What to produce. Would you return every entry below without a single difference?

#### Data for the task ####

lemma enet_screening_bound:
  fixes X :: "real^'p^'n"
  assumes sol: "enet_solution X y lam alpha b"
    and col: "\<And>k. column k X \<bullet> column k X = real CARD('n)"
    and "0 < lam" and "0 < alpha" and "alpha \<le> 1"
    and max: "\<And>k. \<bar>column k X \<bullet> y\<bar> \<le> \<bar>column s X \<bullet> y\<bar>"
    and mu_le: "real CARD('n) * alpha * lam \<le> \<bar>column s X \<bullet> y\<bar>"
    and "j \<noteq> s" and "b $ j \<noteq> 0"
  defines "\<mu> \<equiv> real CARD('n) * alpha * lam" and "M \<equiv> \<bar>column s X \<bullet> y\<bar>"
    and "D \<equiv> real CARD('n) * (1 + lam * (1 - alpha))"
  shows "2 * \<mu> * M \<le> \<bar>(M + \<mu>) * (column j X \<bullet> y)
                          - (M - \<mu>) * ((column s X \<bullet> y) / D) * (column j X \<bullet> column s X)\<bar>
                      + (M - \<mu>) * sqrt (D * (norm y)\<^sup>2 - M\<^sup>2)"
proof -
  define \<sigma> where "\<sigma> = sqrt (real CARD('n) * lam * (1 - alpha))"
  define a where "a = enet_aug_col X \<sigma>"
  define v :: "(real^'n) \<times> (real^'p)" where "v = (y, 0)"
  have \<sigma>2: "\<sigma>\<^sup>2 = real CARD('n) * lam * (1 - alpha)"
    using assms(3-5) by (simp add: \<sigma>_def)
  have resid: "v - (y - X *v b, - \<sigma> *\<^sub>R b) = (\<Sum>k\<in>UNIV. b $ k *\<^sub>R a k)"
    unfolding a_def v_def by (rule enet_aug_residual)
  note kkt = enet_solution_aug_kkt[OF sol col assms(3-5) \<sigma>2, folded a_def]
  have a_v: "a k \<bullet> v = column k X \<bullet> y" for k
    by (simp add: a_def v_def inner_enet_aug_col_Pair)
  have a_a: "a j \<bullet> a s = column j X \<bullet> column s X" "a k \<bullet> a k = D" for k
    using \<open>j \<noteq> s\<close> \<sigma>2 col[of k] by (auto simp: a_def D_def inner_enet_aug_col algebra_simps)
  have "norm (a j) * norm (v - ((a s \<bullet> v) / (a s \<bullet> a s)) *\<^sub>R a s)
      = sqrt ((a s \<bullet> a s) * (v \<bullet> v) - (a s \<bullet> v)\<^sup>2)"
    by (rule norm_mult_norm_sub_proj) (simp add: a_a(2))
  also have "\<dots> = sqrt (D * (norm y)\<^sup>2 - M\<^sup>2)"
    unfolding a_a(2) a_v M_def by (simp add: v_def power2_norm_eq_inner)
  finally have dist: "norm (a j) * norm (v - ((a s \<bullet> v) / (a s \<bullet> a s)) *\<^sub>R a s)
      = sqrt (D * (norm y)\<^sup>2 - M\<^sup>2)" .
  show ?thesis
    using lasso_screening_bound[of v "(y - X *v b, - \<sigma> *\<^sub>R b)" "\<lambda>k. b $ k" a \<mu> s j,
        OF resid kkt[folded \<mu>_def] _ _ \<open>b $ j \<noteq> 0\<close>]
      max mu_le
    unfolding dist unfolding a_v a_a M_def \<mu>_def by blast
qed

####

Exercise solution.
lemma enet_screening_bound:
  fixes X :: "real^'p^'n"
  assumes sol: "enet_solution X y lam alpha b"
    and col: "\<And>k. column k X \<bullet> column k X = real CARD('n)"
    and "0 < lam" and "0 < alpha" and "alpha \<le> 1"
    and max: "\<And>k. \<bar>column k X \<bullet> y\<bar> \<le> \<bar>column s X \<bullet> y\<bar>"
    and mu_le: "real CARD('n) * alpha * lam \<le> \<bar>column s X \<bullet> y\<bar>"
    and "j \<noteq> s" and "b $ j \<noteq> 0"
  defines "\<mu> \<equiv> real CARD('n) * alpha * lam" and "M \<equiv> \<bar>column s X \<bullet> y\<bar>"
    and "D \<equiv> real CARD('n) * (1 + lam * (1 - alpha))"
  shows "2 * \<mu> * M \<le> \<bar>(M + \<mu>) * (column j X \<bullet> y)
                          - (M - \<mu>) * ((column s X \<bullet> y) / D) * (column j X \<bullet> column s X)\<bar>
                      + (M - \<mu>) * sqrt (D * (norm y)\<^sup>2 - M\<^sup>2)"
proof -
  define \<sigma> where "\<sigma> = sqrt (real CARD('n) * lam * (1 - alpha))"
  define a where "a = enet_aug_col X \<sigma>"
  define v :: "(real^'n) \<times> (real^'p)" where "v = (y, 0)"
  have \<sigma>2: "\<sigma>\<^sup>2 = real CARD('n) * lam * (1 - alpha)"
    using assms(3-5) by (simp add: \<sigma>_def)
  have resid: "v - (y - X *v b, - \<sigma> *\<^sub>R b) = (\<Sum>k\<in>UNIV. b $ k *\<^sub>R a k)"
    unfolding a_def v_def by (rule enet_aug_residual)
  note kkt = enet_solution_aug_kkt[OF sol col assms(3-5) \<sigma>2, folded a_def]
  have a_v: "a k \<bullet> v = column k X \<bullet> y" for k
    by (simp add: a_def v_def inner_enet_aug_col_Pair)
  have a_a: "a j \<bullet> a s = column j X \<bullet> column s X" "a k \<bullet> a k = D" for k
    using \<open>j \<noteq> s\<close> \<sigma>2 col[of k] by (auto simp: a_def D_def inner_enet_aug_col algebra_simps)
  have "norm (a j) * norm (v - ((a s \<bullet> v) / (a s \<bullet> a s)) *\<^sub>R a s)
      = sqrt ((a s \<bullet> a s) * (v \<bullet> v) - (a s \<bullet> v)\<^sup>2)"
    by (rule norm_mult_norm_sub_proj) (simp add: a_a(2))
  also have "\<dots> = sqrt (D * (norm y)\<^sup>2 - M\<^sup>2)"
    unfolding a_a(2) a_v M_def by (simp add: v_def power2_norm_eq_inner)
  finally have dist: "norm (a j) * norm (v - ((a s \<bullet> v) / (a s \<bullet> a s)) *\<^sub>R a s)
      = sqrt (D * (norm y)\<^sup>2 - M\<^sup>2)" .
  show ?thesis
    using lasso_screening_bound[of v "(y - X *v b, - \<sigma> *\<^sub>R b)" "\<lambda>k. b $ k" a \<mu> s j,
        OF resid kkt[folded \<mu>_def] _ _ \<open>b $ j \<noteq> 0\<close>]
      max mu_le
    unfolding dist unfolding a_v a_a M_def \<mu>_def by blast
qed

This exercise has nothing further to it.